- _Problem to work on_: Starting with the line that contains "by (rule abs_cov_kernel_le[OF", copy every remaining line of the data below exactly, the last one included.

Collected data:
(* Fix $\lambda$ and let $r_1,\ldots,r_n$ be i.i.d. real random variables with CDF $F_\lambda$ and density $f_\lambda$, with empirical CDF $\hat F_{n,\lambda}$. Assume $r_i\in[a,b]$ almost surely for some $-\infty<a<b<\infty$, with $\inf_{r\in[a,b]}f_\lambda(r)>0$ and $\sup_{r\in[a,b]}f'_\lambda(r)<\infty$. Let $\psi(y)=\int_0^y\psi'(z)\,dz$ define a probability measure on $[0,1]$, where $\psi'$ is bounded and continuous at $F_\lambda(r)$ for Lebesgue-almost every $r$. Let $$\sigma^2(\lambda)=\int_0^1\!\!\int_0^1\frac{p\wedge p'-pp'}{f_\lambda(F_\lambda^{-1}(p))\,f_\lambda(F_\lambda^{-1}(p'))}\,d\psi(p)\,d\psi(p')$$ and $$\hat\sigma_n^2(\lambda)=\int_a^b\!\!\int_a^b\psi'(\hat F_{n,\lambda}(r))\,\psi'(\hat F_{n,\lambda}(\tilde r))\,\big(\hat F_{n,\lambda}(r\wedge\tilde r)-\hat F_{n,\lambda}(r)\hat F_{n,\lambda}(\tilde r)\big)\,dr\,d\tilde r.$$ Then $\hat\sigma_n^2(\lambda)\to\sigma^2(\lambda)$ almost surely as $n\to\infty$.
   Context: $F^{-1}(p)=\inf\{x:F(x)\ge p\}$ denotes the $p$-th quantile of a distribution function $F$. *)

theory Defs
  imports "HOL-Probability.Probability"
begin

definition quantile :: "(real \<Rightarrow> real) \<Rightarrow> real \<Rightarrow> real" where
  "quantile F p = Inf {x. p \<le> F x}"

definition ecdf :: "(nat \<Rightarrow> 'a \<Rightarrow> real) \<Rightarrow> nat \<Rightarrow> 'a \<Rightarrow> real \<Rightarrow> real" where
  "ecdf X n \<omega> r = real (card {i \<in> {..<n}. X i \<omega> \<le> r}) / real n"

text \<open>Asymptotic variance sigma^2 with d psi(p) = psi' p dp.\<close>
definition sigma2 :: "(real \<Rightarrow> real) \<Rightarrow> (real \<Rightarrow> real) \<Rightarrow> (real \<Rightarrow> real) \<Rightarrow> real" where
  "sigma2 F f psi' =
     (LBINT p:{0..1}. LBINT p':{0..1}.
        (min p p' - p * p') / (f (quantile F p) * f (quantile F p')) * psi' p * psi' p')"

definition sigma2_hat :: "(nat \<Rightarrow> 'a \<Rightarrow> real) \<Rightarrow> (real \<Rightarrow> real) \<Rightarrow> real \<Rightarrow> real \<Rightarrow> nat \<Rightarrow> 'a \<Rightarrow> real" where
  "sigma2_hat X psi' a b n \<omega> =
     (LBINT r:{a..b}. LBINT r':{a..b}.
        psi' (ecdf X n \<omega> r) * psi' (ecdf X n \<omega> r') *
        (ecdf X n \<omega> (min r r') - ecdf X n \<omega> r * ecdf X n \<omega> r'))"

end

theory Submission
  imports Defs
begin

(*
  The substitution p = F r, p' = F r' turns sigma2 into the double integral over [a,b]^2 of
  psi'(F r) psi'(F r') (F (min r r') - F r F r'): F is continuous, so F(r_1) is uniform on [0,1],
  and on (a,b], where f > 0, F is strictly increasing, so F^{-1}(F r) = r and the Jacobian f r
  cancels the factor 1 / f(F^{-1}(p)). This is the estimator with the empirical cdf replaced by F.
  By Hoeffding's inequality and Borel-Cantelli the empirical cdf converges to F almost surely at
  every rational point, hence, F being continuous and the empirical cdfs monotone, everywhere;
  bounded convergence, applied to the inner and then to the outer integral, gives the claim.
  Of the hypotheses on psi' only measurability, boundedness and continuity at F r for a.e. r are
  used.
*)

lemma borel_measurable_set_integral_snd:
  fixes g :: "real \<Rightarrow> real \<Rightarrow> real"
  assumes "(\<lambda>(x, y). g x y) \<in> borel_measurable (borel \<Otimes>\<^sub>M borel)" and [measurable]: "A \<in> sets borel"
  shows "(\<lambda>x. LBINT y:A. g x y) \<in> borel_measurable borel"
proof -
  have "(\<lambda>(x, y). indicator A y *\<^sub>R g x y) \<in> borel_measurable (borel \<Otimes>\<^sub>M lborel)"
    using assms(1) by (simp add: measurable_cong_sets[OF sets_pair_measure_cong[OF refl sets_lborel] refl])
  then show ?thesis
    unfolding set_lebesgue_integral_def by (rule lborel.borel_measurable_lebesgue_integral)
qed

lemma abs_set_integral_Icc_le:
  fixes g :: "real \<Rightarrow> real"
  assumes [measurable]: "g \<in> borel_measurable borel"
    and bound: "\<And>x. x \<in> {a..b} \<Longrightarrow> \<bar>g x\<bar> \<le> C" and "a \<le> b"
  shows "\<bar>LBINT x:{a..b}. g x\<bar> \<le> C * (b - a)"
proof -
  have "0 \<le> C" using bound[of a] \<open>a \<le> b\<close> by auto
  have integrable_C: "integrable lborel (\<lambda>x. C * indicator {a..b} x)"
    by (simp add: integrable_indicator_iff emeasure_lborel_Icc_eq)
  have "\<bar>LBINT x:{a..b}. g x\<bar> = norm (LINT x|lborel. indicator {a..b} x *\<^sub>R g x)"
    by (simp add: set_lebesgue_integral_def)
  also have "\<dots> \<le> (LINT x|lborel. norm (indicator {a..b} x *\<^sub>R g x))"
    by (rule integral_norm_bound)
  also have "\<dots> \<le> (LINT x|lborel. C * indicator {a..b} x)"
    by (rule integral_mono'[OF integrable_C]) (use bound \<open>0 \<le> C\<close> in \<open>auto simp: indicator_def\<close>)
  also have "\<dots> = C * (b - a)" using \<open>a \<le> b\<close> by simp
  finally show ?thesis .
qed

lemma tendsto_set_integral_Icc_dominated:
  fixes s :: "nat \<Rightarrow> real \<Rightarrow> real" and g :: "real \<Rightarrow> real"
  assumes "\<And>n. s n \<in> borel_measurable borel" and "g \<in> borel_measurable borel"
    and lim: "AE x in lborel. x \<in> {a..b} \<longrightarrow> (\<lambda>n. s n x) \<longlonglongrightarrow> g x"
    and bound: "\<And>n x. x \<in> {a..b} \<Longrightarrow> \<bar>s n x\<bar> \<le> C"
  shows "(\<lambda>n. LBINT x:{a..b}. s n x) \<longlonglongrightarrow> (LBINT x:{a..b}. g x)"
  unfolding set_lebesgue_integral_def
proof (rule integral_dominated_convergence[where w="\<lambda>x. C * indicator {a..b} x"])
  show "integrable lborel (\<lambda>x. C * indicator {a..b} x)"
    by (simp add: integrable_indicator_iff emeasure_lborel_Icc_eq)
  show "AE x in lborel. (\<lambda>n. indicator {a..b} x *\<^sub>R s n x) \<longlonglongrightarrow> indicator {a..b} x *\<^sub>R g x"
    using lim by eventually_elim (auto simp: indicator_def)
  show "AE x in lborel. norm (indicator {a..b} x *\<^sub>R s n x) \<le> C * indicator {a..b} x" for n
    using bound by (auto simp: indicator_def)
qed (use assms in auto)

definition cov_kernel :: "(real \<Rightarrow> real) \<Rightarrow> (real \<Rightarrow> real) \<Rightarrow> real \<Rightarrow> real \<Rightarrow> real" where
  "cov_kernel G psi' r r' = psi' (G r) * psi' (G r') * (G (min r r') - G r * G r')"

lemma borel_measurable_cov_kernel:
  assumes [measurable]: "G \<in> borel_measurable borel" "psi' \<in> borel_measurable borel"
  shows "(\<lambda>(r, r'). cov_kernel G psi' r r') \<in> borel_measurable (borel \<Otimes>\<^sub>M borel)"
  unfolding cov_kernel_def by measurable

lemma borel_measurable_cov_kernel_snd:
  assumes [measurable]: "G \<in> borel_measurable borel" "psi' \<in> borel_measurable borel"
  shows "(\<lambda>r'. cov_kernel G psi' r r') \<in> borel_measurable borel"
  unfolding cov_kernel_def by measurable

lemma sigma2_hat_eq_cov_kernel:
  "sigma2_hat X psi' a b n \<omega> = (LBINT r:{a..b}. LBINT r':{a..b}. cov_kernel (ecdf X n \<omega>) psi' r r')"
  unfolding sigma2_hat_def cov_kernel_def ..

lemma abs_cov_kernel_le:
  assumes G: "\<And>x. G x \<in> {0..1}" and psi': "\<forall>z\<in>{0..1}. \<bar>psi' z\<bar> \<le> B"
  shows "\<bar>cov_kernel G psi' r r'\<bar> \<le> B * B"
proof -
  have "0 \<le> B" using psi' by fastforce
  have "G r * G r' \<in> {0..1}"
    using G[of r] G[of r'] by (auto intro: mult_le_one)
  then have "\<bar>G (min r r') - G r * G r'\<bar> \<le> 1"
    using G[of "min r r'"] by (auto simp: abs_le_iff)
  then have "\<bar>psi' (G r)\<bar> * \<bar>psi' (G r')\<bar> * \<bar>G (min r r') - G r * G r'\<bar> \<le> B * B * 1"
    using psi' G \<open>0 \<le> B\<close> by (intro mult_mono) auto
  then show ?thesis by (simp add: cov_kernel_def abs_mult)
qed

lemma tendsto_double_integral_cov_kernel:
  fixes G :: "nat \<Rightarrow> real \<Rightarrow> real" and H psi' :: "real \<Rightarrow> real"
  assumes [measurable]: "\<And>n. G n \<in> borel_measurable borel" "psi' \<in> borel_measurable borel"
    and G_bounds: "\<And>n x. G n x \<in> {0..1}"
    and G_tendsto: "\<And>x. (\<lambda>n. G n x) \<longlonglongrightarrow> H x"
    and psi'_bounded: "\<forall>z\<in>{0..1}. \<bar>psi' z\<bar> \<le> B"
    and psi'_cont: "AE r in lborel. continuous (at (H r) within {0..1}) psi'"
    and "a \<le> b"
  shows "(\<lambda>n. LBINT r:{a..b}. LBINT r':{a..b}. cov_kernel (G n) psi' r r')
           \<longlonglongrightarrow> (LBINT r:{a..b}. LBINT r':{a..b}. cov_kernel H psi' r r')"
proof -
  have [measurable]: "H \<in> borel_measurable borel"
    by (rule borel_measurable_LIMSEQ_real[where u=G, OF G_tendsto]) simp
  have inner_measurable: "(\<lambda>r. LBINT r':{a..b}. cov_kernel G' psi' r r') \<in> borel_measurable borel"
    if "G' \<in> borel_measurable borel" for G'
    by (rule borel_measurable_set_integral_snd) (simp_all add: borel_measurable_cov_kernel that)
  have kernel_tendsto: "(\<lambda>n. cov_kernel (G n) psi' r r') \<longlonglongrightarrow> cov_kernel H psi' r r'"
    if "continuous (at (H r) within {0..1}) psi'" "continuous (at (H r') within {0..1}) psi'" for r r'
    unfolding cov_kernel_def
    by (intro tendsto_intros continuous_within_tendsto_compose'[OF that(1)]
        continuous_within_tendsto_compose'[OF that(2)] G_tendsto G_bounds)
  have inner_tendsto: "(\<lambda>n. LBINT r':{a..b}. cov_kernel (G n) psi' r r') \<longlonglongrightarrow> (LBINT r':{a..b}. cov_kernel H psi' r r')"
    if "continuous (at (H r) within {0..1}) psi'" for r
  proof (rule tendsto_set_integral_Icc_dominated[where C="B * B"])
    show "AE r' in lborel. r' \<in> {a..b} \<longrightarrow> (\<lambda>n. cov_kernel (G n) psi' r r') \<longlonglongrightarrow> cov_kernel H psi' r r'"
      using psi'_cont by eventually_elim (use kernel_tendsto that in blast)
    show "\<bar>cov_kernel (G n) psi' r r'\<bar> \<le> B * B" for n r'
      by (rule abs_cov_kernel_le[OF G_bounds psi'_bounded])
  qed (simp_all add: borel_measurable_cov_kernel_snd)
  show ?thesis
  proof (rule tendsto_set_integral_Icc_dominated[where C="B * B * (b - a)"])
    show "AE r in lborel. r \<in> {a..b} \<longrightarrow>
        (\<lambda>n. LBINT r':{a..b}. cov_kernel (G n) psi' r r') \<longlonglongrightarrow> (LBINT r':{a..b}. cov_kernel H psi' r r')"
      using psi'_cont by eventually_elim (use inner_tendsto in blast)
    show "\<bar>LBINT r':{a..b}. cov_kernel (G n) psi' r r'\<bar> \<le> B * B * (b - a)" for n r
      by (rule abs_set_integral_Icc_le)
        (simp_all add: borel_measurable_cov_kernel_snd abs_cov_kernel_le[OF G_bounds psi'_bounded] \<open>a \<le> b\<close>)
  qed (simp_all add: inner_measurable)
qed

- _Written response_:
      by (rule abs_cov_kernel_le[OF G_bounds psi'_bounded])
  qed (simp_all add: borel_measurable_cov_kernel_snd)
  show ?thesis
  proof (rule tendsto_set_integral_Icc_dominated[where C="B * B * (b - a)"])
    show "AE r in lborel. r \<in> {a..b} \<longrightarrow>
        (\<lambda>n. LBINT r':{a..b}. cov_kernel (G n) psi' r r') \<longlonglongrightarrow> (LBINT r':{a..b}. cov_kernel H psi' r r')"
      using psi'_cont by eventually_elim (use inner_tendsto in blast)
    show "\<bar>LBINT r':{a..b}. cov_kernel (G n) psi' r r'\<bar> \<le> B * B * (b - a)" for n r
      by (rule abs_set_integral_Icc_le)
        (simp_all add: borel_measurable_cov_kernel_snd abs_cov_kernel_le[OF G_bounds psi'_bounded] \<open>a \<le> b\<close>)
  qed (simp_all add: inner_measurable)
qed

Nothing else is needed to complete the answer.